Bermuda rot of a different sort
Over the past months Bermuda has been consumed with two major scandals that have cut to the heart of this Government's suitability to lead.
The BHC outrage has exposed a Government devoid of ethical standards, a moral compass or at least the shallowest of survival instincts to hold people responsible after they're caught with their hands in the cookie-jar.
Additionally, the as yet fully understood debacle at the Berkeley project has revealed Government's willingness to expose us to a huge and completely avoidable financial burden in order to cover up their incompetence.
In the past several weeks however, buried somewhere underneath these issues, has been a subtle shift on the Government's part to position themselves as financially accountable - without changing their own behaviour.
This illusion is unfolding by way of the Bermuda Track and Field Association (BTFA) and Hope Homes.
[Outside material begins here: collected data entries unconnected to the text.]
lemma orbit_swap_Un: "orbit \<sigma> a \<union> orbit \<sigma> b = orbit f a"
proof -
  have "{dist<..period} \<union> {1..dist} = {1..period}" using dist_less_period by auto
  then show ?thesis unfolding orbit_swap_a orbit_swap_b orbit_eq image_Un[symmetric] by simp
qed

lemma orbit_swap_disjoint: "orbit \<sigma> a \<inter> orbit \<sigma> b = {}"
proof -
  have "(f ^^ i) a \<noteq> (f ^^ j) a" if "i \<in> {dist<..period}" "j \<in> {1..dist}" for i j
    using inj_onD[OF funpow_inj, of i j] that dist_less_period by auto
  then show ?thesis unfolding orbit_swap_a orbit_swap_b by blast
qed

lemma in_orbit_swap: "a \<in> orbit \<sigma> a" "b \<in> orbit \<sigma> b"
  using permutation_self_in_orbit[OF permutation_swap] by auto

lemma orbit_avoids: "x \<notin> orbit f a \<Longrightarrow> a \<notin> orbit f x \<and> b \<notin> orbit f x"
  using orbit_eq_of_mem[OF permutation] permutation_self_in_orbit[OF permutation] b_in_orbit
  by metis

lemma orbit_swap_other: "x \<notin> orbit f a \<Longrightarrow> orbit \<sigma> x = orbit f x"
  using orbit_avoids
  by (intro orbit_cong permutation_self_in_orbit[OF permutation]) (auto simp: transpose_def)

lemma cycles_avoid: "c \<in> cycles S f - {orbit f a} \<Longrightarrow> a \<notin> c \<and> b \<notin> c"
  unfolding cycles_def
  using orbit_avoids orbit_eq_of_mem[OF permutation] by blast

lemma cycles_swap:
  "cycles S \<sigma> = insert (orbit \<sigma> a) (insert (orbit \<sigma> b) (cycles S f - {orbit f a}))"
proof (intro set_eqI iffI)
  fix c assume "c \<in> cycles S \<sigma>"
  then obtain x where x: "x \<in> S" "c = orbit \<sigma> x" by (auto simp: cycles_def)
  show "c \<in> insert (orbit \<sigma> a) (insert (orbit \<sigma> b) (cycles S f - {orbit f a}))"
  proof (cases "x \<in> orbit f a")
    case True
    then show ?thesis
      using x orbit_swap_Un orbit_eq_of_mem[OF permutation_swap] by blast
  next
    case False
    then have "orbit f x \<noteq> orbit f a" using permutation_self_in_orbit[OF permutation] by blast
    then show ?thesis using x False orbit_swap_other by (auto simp: cycles_def)
  qed
next
  fix c assume c: "c \<in> insert (orbit \<sigma> a) (insert (orbit \<sigma> b) (cycles S f - {orbit f a}))"
  show "c \<in> cycles S \<sigma>"
  proof (cases "c \<in> cycles S f - {orbit f a}")
    case True
    then obtain x where "x \<in> S" "c = orbit f x" "orbit f x \<noteq> orbit f a"
      by (auto simp: cycles_def)
    moreover then have "x \<notin> orbit f a" using orbit_eq_of_mem[OF permutation] by metis
    ultimately show ?thesis using orbit_swap_other unfolding cycles_def by (metis image_eqI)
  next
    case False
    then show ?thesis using c a_in b_in by (auto simp: cycles_def)
  qed
qed

lemma potential_swap:
  "potential S T \<sigma> = card (short_cycles T (cycles S f - {orbit f a}))
     + of_bool (card (orbit \<sigma> a \<inter> T) \<le> 2) + of_bool (card (orbit \<sigma> b \<inter> T) \<le> 2)"
proof -
  define R where "R = cycles S f - {orbit f a}"
  have fin: "finite R" using finite by (simp add: R_def finite_cycles)
  have notin: "orbit \<sigma> b \<notin> R" "orbit \<sigma> a \<notin> insert (orbit \<sigma> b) R"
    using cycles_avoid in_orbit_swap orbit_swap_disjoint unfolding R_def by blast+
  show ?thesis
    unfolding potential_def cycles_swap R_def[symmetric]
    using fin notin by (simp add: card_short_cycles_insert)
qed

lemma short_cycles_other_Diff:
  "short_cycles (T - {a, b}) (cycles S f - {orbit f a}) = short_cycles T (cycles S f - {orbit f a})"
  using cycles_avoid by (intro short_cycles_cong) blast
While the full details of these stories remain unclear, what is clear is that these actions have exposed a Government that doesn't lead from the top down, but that expects more of us than they are willing to commit to themselves.
Bermuda is currently being subjected to a "do as I say, not as I do" Government, one intent on hoodwinking us into thinking that it embraces the very principles of accountability and transparency that it has intentionally undermined during their tenure.
The most glaring example of this is the eureka moment Minister Dale Butler seems to have experienced, perhaps during his recent trip to Greece.
Only several months ago the Minister proudly proclaimed his desire to fund charitable and sporting organisations, despite poor financial standards.
Now, only two months later, this same Minister is lambasting them for their lack of accountability with taxpayer funds, behaviour he wholeheartedly endorsed. Mr. Butler should count his blessings that George Bush's Republican Party hasn't set up shop in Bermuda.
They'd have christened him as their favourite "flip-flopper" with those statements, let alone his Cabinet appointment-induced Cuban conversion.
Both Hope Homes and the BTFA have been publicly scolded, by Government Ministers of all people, for sub-standard financial practices and a lack of accountability.
The BTFA was first in line for the hypocrisy treatment, receiving a public spanking by a Government that has advocated removing the Auditor, failed to produce a receipt for a $700,000 transaction, and builds houses and a school at twice the market rate.
Next up was Hope Homes, an organisation serving the most vulnerable in our island paradise.
They were told by our elected practitioners of financial hide-and-seek that they will no longer receive Government grants due to a lack of accountability, throwing them immediately into a financial crisis.
None of this should suggest that these - or any other - organisations should receive taxpayer grants unconditionally, but simply that they are doing nothing more or less than what is being endorsed and honed into a fine art in the Cabinet Office.
It takes plenty of chutzpah, and an admirable lack of shame, to deride these organisations for their behaviour while we watch our taxpayer money disappear faster than a Cabinet Minister flying to their next junket.
True leadership starts at the top and trickles down. What we've experienced over the past few years is a Bermuda rot of the financial variety, and not the kind that's easily treated with a little antiseptic on the surface.
This rot has become so pervasive and deeply ingrained, that it has spread like a virus, infecting worthy causes and jeopardising vital public services along the way.
It's little wonder then that some of the organisations which do so much good, might have adopted the same standards of our unaccountable Government. This administration will have zero credibility in its newfound embrace of sound financial practices until it gets its own house in order.
A good place to start would be with the matter of the phantom $700,000 bond payment, the commissioning of a public inquiry into the goings on at the BHC and a full and public accounting of the costs and progress at Berkeley.
These steps would reveal the full extent of the rot, and identify both the host and the cure for the disease.
Perhaps, to take a page out of the Hope Homes scenario, we should start withholding our land, payroll and other taxes until the Government gets their own act together?